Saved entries
^^^^^^^^^^^^^^^^

lemma mob_mat_mult:
  assumes "sl2 N" "y \<in> H2"
  shows "mob (mat_mult M N) y = mob M (mob N y)"
proof -
  obtain a b c d where M: "M = (a,b,c,d)" by (cases M)
  obtain e f g h where N: "N = (e,f,g,h)" by (cases N)
  define u v where "u = of_real e * y + of_real f" and "v = of_real g * y + of_real h"
  have "v \<noteq> 0"
    using mob_denominator_nonzero[of e f g h y] assms sl2_imp_mat_det_pos by (simp add: N v_def)
  then have "of_real a * (u / v) + of_real b = (of_real a * u + of_real b * v) / v"
    and "of_real c * (u / v) + of_real d = (of_real c * u + of_real d * v) / v"
    by (simp_all add: field_simps)
  with \<open>v \<noteq> 0\<close> have "mob M (mob N y) = (of_real a * u + of_real b * v) / (of_real c * u + of_real d * v)"
    by (simp add: M N mob_def u_def[symmetric] v_def[symmetric])
  also have "\<dots> = mob (mat_mult M N) y"
    by (simp add: M N mob_def mat_mult_def u_def v_def algebra_simps)
  finally show ?thesis by simp
qed

lemma hyperbolic_diagonal_ne:
  assumes "sl2 (a,b,0,d)" "hyperbolic (a,b,0,d)"
  shows "a \<noteq> d"
proof
  assume "a = d"
  with assms have "a^2 = 1" "\<bar>a + a\<bar> > 2"
    by (auto simp: sl2_def hyperbolic_def power2_eq_square)
  then show False
    unfolding power2_eq_1_iff by auto
qed

lemma invariant_axis_cases:
  assumes g: "sl2 (a,b,c,d)" "hyperbolic (a,b,c,d)" and z: "z \<in> invariant_axis (a,b,c,d)"
  obtains "c = 0" "(d - a) * Re z = b"
  | x1 x2 where "c \<noteq> 0" "x1 < x2" "c*x1^2 + (d-a)*x1 - b = 0" "c*x2^2 + (d-a)*x2 - b = 0"
      "cmod (z - of_real ((x1 + x2) / 2)) = (x2 - x1) / 2"
proof -
  from z obtain p q where pq: "p \<in> ideal_fixed (a,b,c,d)" "q \<in> ideal_fixed (a,b,c,d)" "p \<noteq> q"
    and zpq: "z \<in> geodesic_between p q"
    unfolding invariant_axis_def by blast
  have root: "c*x^2 + (d-a)*x - b = 0" if "Some x \<in> ideal_fixed (a,b,c,d)" for x
    using that by (simp add: ideal_fixed_def split: if_splits)
  have c0: "c = 0" if "None \<in> ideal_fixed (a,b,c,d)"
    using that by (simp add: ideal_fixed_def split: if_splits)
  show thesis
  proof (cases p; cases q)
    fix x assume "p = None" "q = Some x"
    with pq zpq root c0 show thesis
      by (intro that(1)) (auto simp: geodesic_between_def)
  next
    fix x assume "p = Some x" "q = None"
    with pq zpq root c0 show thesis
      by (intro that(1)) (auto simp: geodesic_between_def)
  next
    fix x1 x2 assume p: "p = Some x1" and q: "q = Some x2"
    with pq root have r: "c*x1^2 + (d-a)*x1 - b = 0" "c*x2^2 + (d-a)*x2 - b = 0" "x1 \<noteq> x2"
      by auto
    have "c \<noteq> 0"
    proof
      assume "c = 0"
      with r have "(d - a) * (x1 - x2) = 0" by (simp add: algebra_simps)
      with r(3) have "a = d" by simp
      with \<open>c = 0\<close> g hyperbolic_diagonal_ne show False by blast
    qed
    moreover have "cmod (z - of_real ((x1 + x2) / 2)) = \<bar>x1 - x2\<bar> / 2"
      using zpq p q by (simp add: geodesic_between_def)
    ultimately show thesis
      using r that(2)[of x1 x2] that(2)[of x2 x1]
      by (cases "x1 < x2") (auto simp: add.commute abs_minus_commute)
  qed (use pq in auto)
qed

lemma invariant_axis_subset_H2: "invariant_axis M \<subseteq> H2"
  by (auto simp: invariant_axis_def geodesic_between_def)

definition conjugates_to_dilation :: "mat2 \<Rightarrow> mat2 \<Rightarrow> real \<Rightarrow> bool" where
  "conjugates_to_dilation N M L \<longleftrightarrow> (\<forall>y\<in>H2. mob N (mob M y) = of_real (exp L) * mob N y)"

lemma conjugates_to_dilation_mat_id: "conjugates_to_dilation N mat_id 0"
  by (simp add: conjugates_to_dilation_def mob_id)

^^^^^^^^^^^^^^^^

■ Task item ■
Only what runs from the line containing "2)) = \<bar>x1" through the final line of the entries above belongs in the answer, restated exactly.

■ Reply to the task ■
    moreover have "cmod (z - of_real ((x1 + x2) / 2)) = \<bar>x1 - x2\<bar> / 2"
      using zpq p q by (simp add: geodesic_between_def)
    ultimately show thesis
      using r that(2)[of x1 x2] that(2)[of x2 x1]
      by (cases "x1 < x2") (auto simp: add.commute abs_minus_commute)
  qed (use pq in auto)
qed

lemma invariant_axis_subset_H2: "invariant_axis M \<subseteq> H2"
  by (auto simp: invariant_axis_def geodesic_between_def)

definition conjugates_to_dilation :: "mat2 \<Rightarrow> mat2 \<Rightarrow> real \<Rightarrow> bool" where
  "conjugates_to_dilation N M L \<longleftrightarrow> (\<forall>y\<in>H2. mob N (mob M y) = of_real (exp L) * mob N y)"

lemma conjugates_to_dilation_mat_id: "conjugates_to_dilation N mat_id 0"
  by (simp add: conjugates_to_dilation_def mob_id)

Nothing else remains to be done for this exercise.